Computational fluid dynamics simulation

CFD simulations were performed for the flows imposed by the SpinΩ impeller and the orbital shaker using the finite element commercial code COMSOL Multiphysics® and using the geometry and finite element mesh as described on Additional file 6: Figure S4. The methods used in the analysis are described in the supplementary information section and in [22].

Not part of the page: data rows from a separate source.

(* Let $d_m\in\mathbb{N}$, $\mathcal{D}=\{-d_m,\dots,d_m\}$, $\rho=|\rho|e^{\jmath\theta}$ with $|\rho|\in(0,1]$, $\bar\rho=\sqrt{1-|\rho|^2}$, $\mathrm{SNR}=|\rho|^2/\bar\rho^2$, and $E(\mathrm{SNR})=\frac{\mathrm{SNR}}{2+\mathrm{SNR}}=\frac{|\rho|^2}{2-|\rho|^2}$. Let $\{x[n]\}_{n\in\mathbb{Z}}$, $\{z[n]\}_{n\in\mathbb{Z}}$ be mutually independent i.i.d. $\mathcal{CN}(0,1)$ sequences, $d$ uniform on $\mathcal{D}$ and independent of them, and $y[n]=\rho\,x[n-d]+\bar\rho\,z[n]$. For $k\in\mathbb{N}$, $N=2^k$, let $J=\arg\max_{0\le n\le N-1}|x[n]|^2$ and $\widehat d_{\mathrm{MMIE}}=\arg\max_{\ell\in\mathcal{D}}|y[J+\ell]|^2$. Then $$\lim_{k\to\infty}\mathbb{P}(\widehat d_{\mathrm{MMIE}}\neq d)=0.$$ Moreover, $d_m$ need not be fixed: the same conclusion holds when $d_m=d_m(k)$ varies with $k$ provided $d_m=o\big(2^{kE(\mathrm{SNR})}\big)$. Equivalently, since $N=2^k$, $\mathbb{P}(\widehat d_{\mathrm{MMIE}}\neq d)\to0$ as $N\to\infty$.
   Context: $\mathcal{CN}(0,1)$ denotes the circularly-symmetric complex Gaussian distribution with zero mean and unit variance; $\jmath$ is the imaginary unit. $J$ is the $k$-bit message sent from the encoder to the decoder. *)

theory Defs
  imports "HOL-Probability.Probability" "HOL-Library.Landau_Symbols"
begin

text \<open>Circularly-symmetric complex Gaussian CN(0,1): real and imaginary parts
  independent, each N(0,1/2) (standard deviation sqrt(1/2)).\<close>
definition cgauss :: "complex measure" where
  "cgauss = distr (density lborel (normal_density 0 (sqrt (1/2)))
                   \<Otimes>\<^sub>M density lborel (normal_density 0 (sqrt (1/2))))
                  borel (\<lambda>(a, b). Complex a b)"

definition delay_space :: "nat \<Rightarrow> ((int \<Rightarrow> complex) \<times> (int \<Rightarrow> complex) \<times> int) measure" where
  "delay_space dm = PiM UNIV (\<lambda>_::int. cgauss)
                    \<Otimes>\<^sub>M (PiM UNIV (\<lambda>_::int. cgauss)
                    \<Otimes>\<^sub>M measure_pmf (pmf_of_set {- int dm .. int dm}))"

definition rx_signal :: "complex \<Rightarrow> (int \<Rightarrow> complex) \<Rightarrow> (int \<Rightarrow> complex) \<Rightarrow> int \<Rightarrow> int \<Rightarrow> complex" where
  "rx_signal \<rho> x z d n = \<rho> * x (n - d) + complex_of_real (sqrt (1 - (cmod \<rho>)\<^sup>2)) * z n"

text \<open>J = argmax_{0 \<le> n \<le> N-1} |x[n]|^2 (ties, a null event, broken by the least index).\<close>
definition mmie_J :: "(int \<Rightarrow> complex) \<Rightarrow> nat \<Rightarrow> int" where
  "mmie_J x N = int (LEAST n::nat. n < N \<and> (\<forall>m<N. (cmod (x (int m)))\<^sup>2 \<le> (cmod (x (int n)))\<^sup>2))"

text \<open>MMIE estimate: argmax over l in {-dm..dm} of |y[J+l]|^2
  (ties, a null event, broken by the least l).\<close>
definition mmie_dhat :: "(int \<Rightarrow> complex) \<Rightarrow> int \<Rightarrow> nat \<Rightarrow> int" where
  "mmie_dhat y J dm =
     int (LEAST i::nat. i \<le> 2 * dm \<and>
            (\<forall>j\<le>2 * dm. (cmod (y (J + int j - int dm)))\<^sup>2 \<le> (cmod (y (J + int i - int dm)))\<^sup>2))
     - int dm"

definition mmie_error_event :: "complex \<Rightarrow> nat \<Rightarrow> nat \<Rightarrow> ((int \<Rightarrow> complex) \<times> (int \<Rightarrow> complex) \<times> int) set" where
  "mmie_error_event \<rho> dm k =
     {(x, z, d) \<in> space (delay_space dm).
        mmie_dhat (rx_signal \<rho> x z d) (mmie_J x (2 ^ k)) dm \<noteq> d}"

definition mmie_perr :: "complex \<Rightarrow> nat \<Rightarrow> nat \<Rightarrow> real" where
  "mmie_perr \<rho> dm k = measure (delay_space dm) (mmie_error_event \<rho> dm k)"

text \<open>E(SNR) = SNR/(2+SNR) = |rho|^2/(2-|rho|^2).\<close>
definition mmie_E :: "complex \<Rightarrow> real" where
  "mmie_E \<rho> = (cmod \<rho>)\<^sup>2 / (2 - (cmod \<rho>)\<^sup>2)"

end

theory Submission
  imports Defs
begin

(* The energy |x[n]|^2 of a CN(0,1) sample is Exp(1)-distributed.  Put L = k ln 2 and
   \<tau> = (1 - \<eta>) L.  The peak |x[J]|^2 of the 2^k samples exceeds \<tau> except with probability
   at most exp(-2^(\<eta> k)), and then the true lag carries energy about |\<rho>|^2 \<tau>.  A wrong lag l
   sees y[J+l] = \<rho> x[J+l-d] + \<rho>bar z[J+l], built from samples independent of x[J]; to reach
   energy c \<tau> (c < |\<rho>|^2) the pair (|x[J+l-d]|^2, |z[J+l]|^2) must dominate one of K grid
   points splitting c \<tau>, an event of probability e^(-c \<tau> (K-1)/K).  A union bound over the
   2^k peak positions, the 2 dm wrong lags and the K grid points bounds the error probability by
   exp(-2^(\<eta> k)) + 2^(\<eta> k) (e^(-\<gamma> \<tau>) + 2 dm K e^(-c \<tau> (K-1)/K)), which vanishes once
   c (K-1)/K > E(SNR), \<eta> is small and dm = o(2^(k E(SNR))).  For |\<rho>| = 1 there is no noise and
   E(SNR) = 1; this borderline case needs a threshold \<tau> adapted to dm. *)

section \<open>The circularly-symmetric complex Gaussian\<close>

lemma nn_integral_lborel_even:
  fixes f :: "real \<Rightarrow> ennreal"
  assumes [measurable]: "f \<in> borel_measurable borel" and even: "\<And>x. f (- x) = f x"
  shows "(\<integral>\<^sup>+x. f x \<partial>lborel) = 2 * (\<integral>\<^sup>+x. f x * indicator {0..} x \<partial>lborel)"
proof -
  have "(\<integral>\<^sup>+x. f x \<partial>lborel) = (\<integral>\<^sup>+x. f x * indicator {0..} x + f x * indicator {..<0} x \<partial>lborel)"
    by (intro nn_integral_cong) (auto split: split_indicator)
  also have "\<dots> = (\<integral>\<^sup>+x. f x * indicator {0..} x \<partial>lborel) + (\<integral>\<^sup>+x. f x * indicator {..<0} x \<partial>lborel)"
    by (intro nn_integral_add) auto
  also have "(\<integral>\<^sup>+x. f x * indicator {..<0} x \<partial>lborel)
      = (\<integral>\<^sup>+x. f (0 + (-1) * x) * indicator {..<0} (0 + (-1) * x) \<partial>lborel)"
    using nn_integral_real_affine[of "\<lambda>x. f x * indicator {..<0} x" "-1" 0] by simp
  also have "\<dots> = (\<integral>\<^sup>+x. f x * indicator {0..} x \<partial>lborel)"
    by (intro nn_integral_cong_AE AE_I[where N="{0}"]) (auto simp: even split: split_indicator)
  finally show ?thesis by (simp add: mult_2)
qed

lemma nn_integral_abs_mult_exp_neg_square_tail:
  fixes c t :: real
  assumes c: "0 < c" and t: "0 \<le> t"
  shows "(\<integral>\<^sup>+a. ennreal (\<bar>a\<bar> * exp (- (a\<^sup>2 * c)) * indicator {a. t \<le> a\<^sup>2 * c} a) \<partial>lborel)
     = ennreal (exp (- t) / c)"
proof -
  define s where "s = sqrt (t / c)"
  have s: "0 \<le> s" using c t by (simp add: s_def)
  have tail_iff: "(t \<le> a\<^sup>2 * c) = (s \<le> a)" if "0 \<le> a" for a
  proof -
    have "(t \<le> a\<^sup>2 * c) = (t / c \<le> a\<^sup>2)" using c by (simp add: divide_le_eq)
    also have "\<dots> = (sqrt (t / c) \<le> sqrt (a\<^sup>2))" by (rule real_sqrt_le_iff[symmetric])
    finally show ?thesis using that by (simp add: s_def)
  qed
  have lim: "((\<lambda>a. - exp (- (a\<^sup>2 * c)) / (2 * c)) \<longlongrightarrow> 0) at_top"
  proof -
    have "((\<lambda>a. - exp (- (a\<^sup>2 * c)) / (2 * c)) \<longlongrightarrow> - 0 / (2 * c)) at_top"
      by (intro tendsto_intros filterlim_compose[OF exp_at_bot]
          filterlim_compose[OF filterlim_uminus_at_bot_at_top]
          filterlim_at_top_mult_tendsto_pos[OF tendsto_const c] filterlim_pow_at_top filterlim_ident)
        (use c in auto)
    then show ?thesis by simp
  qed
  have "(\<integral>\<^sup>+a. ennreal (\<bar>a\<bar> * exp (- (a\<^sup>2 * c)) * indicator {a. t \<le> a\<^sup>2 * c} a) \<partial>lborel)
      = 2 * (\<integral>\<^sup>+a. ennreal (\<bar>a\<bar> * exp (- (a\<^sup>2 * c)) * indicator {a. t \<le> a\<^sup>2 * c} a)
                   * indicator {0..} a \<partial>lborel)"
    by (rule nn_integral_lborel_even) (auto split: split_indicator)
  also have "(\<integral>\<^sup>+a. ennreal (\<bar>a\<bar> * exp (- (a\<^sup>2 * c)) * indicator {a. t \<le> a\<^sup>2 * c} a)
                   * indicator {0..} a \<partial>lborel)
     = (\<integral>\<^sup>+a. ennreal (a * exp (- (a\<^sup>2 * c))) * indicator {s..} a \<partial>lborel)"
    using s by (intro nn_integral_cong) (auto simp: tail_iff split: split_indicator)
  also have "\<dots> = ennreal (0 - (- exp (- (s\<^sup>2 * c)) / (2 * c)))"
    by (rule nn_integral_FTC_atLeast[OF _ _ _ lim])
      (use s c in \<open>auto intro!: derivative_eq_intros simp: field_simps\<close>)
  also have "exp (- (s\<^sup>2 * c)) = exp (- t)" using c t by (simp add: s_def)
  also have "2 * ennreal (0 - (- exp (- t) / (2 * c))) = ennreal (2 * (exp (- t) / (2 * c)))"
    using c by (subst ennreal_mult) auto
  finally show ?thesis using c by simp
qed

Histology and immunofluorescence

Cerebral organoids were fixed in 4% paraformaldehyde, incubated sequentially in sucrose solutions (10, 20, and 30%) prepared in PBS, embedded in optimal cutting temperature compound, and frozen in liquid nitrogen. The organoids were sectioned (20-μm thickness) with a cryostat (Leica Biosystems, Germany). Immunofluorescence was performed using the following primary antibodies: rabbit anti-nestin (RA22125, 1:500; Neuromics, USA), rabbit anti-PAX6 (42–6600, 1:100; Thermofisher Scientific), rabbit anti-TBR2 (AB2283,1:200; Millipore), mouse anti-MAP2 (M1406, 1:300; Sigma-Aldrich, USA), rabbit anti-FOXG1 (ab18259, 1:1000; Abcam, UK), rabbit anti-islet-1 (ab20670; 1:1000; Abcam), rabbit anti–OTX-2 (ab21990, 1:200; Abcam), mouse anti-glycogen synthetase (610,518, 1:500; BD), and rabbit anti-PH3 (06–570, 1:500; Millipore). The following secondary antibodies were used: Alexa Fluor 488 goat anti-mouse (A11001, 1:500; Invitrogen, Canada) and Alexa Fluor 546 goat anti-rabbit (A11010, 1:500; Invitrogen). 4′,6-Diamidino-2-phenylindole (1 mg/ml) was used for nucleus staining. Images were acquired using a Leica TCS SP8 confocal microscope.

The specificity of the immunofluorescence staining was controlled with a negative secondary antibody control, which consisted in incubating the slices with secondary antibody in the absence of primary antibody.

Proteomic analysis

Two independent pools of four organoids each were used in the experiments. Protein digestion, peptide fractionation, mass spectrometric analysis, and raw data processing was performed as described by Murillo et al. (2017) [23]. Gene enrichment analysis was performed using the DAVID Bioinformatics Database (https://david.ncifcrf.gov/summary.jsp).

Statistical analysis

Statistical testing was performed using two-tailed t-test with GraphPad Prism 6 software. Statistical significance was defined as p < 0.05 unless otherwise stated in figure legends. Correlation analysis was done comparing the R square of a non-linear fit (Exponential fit in Fig. 1c and a Gaussian fit in Fig. 1e) for the two conditions, SpinΩ and orbital shaker.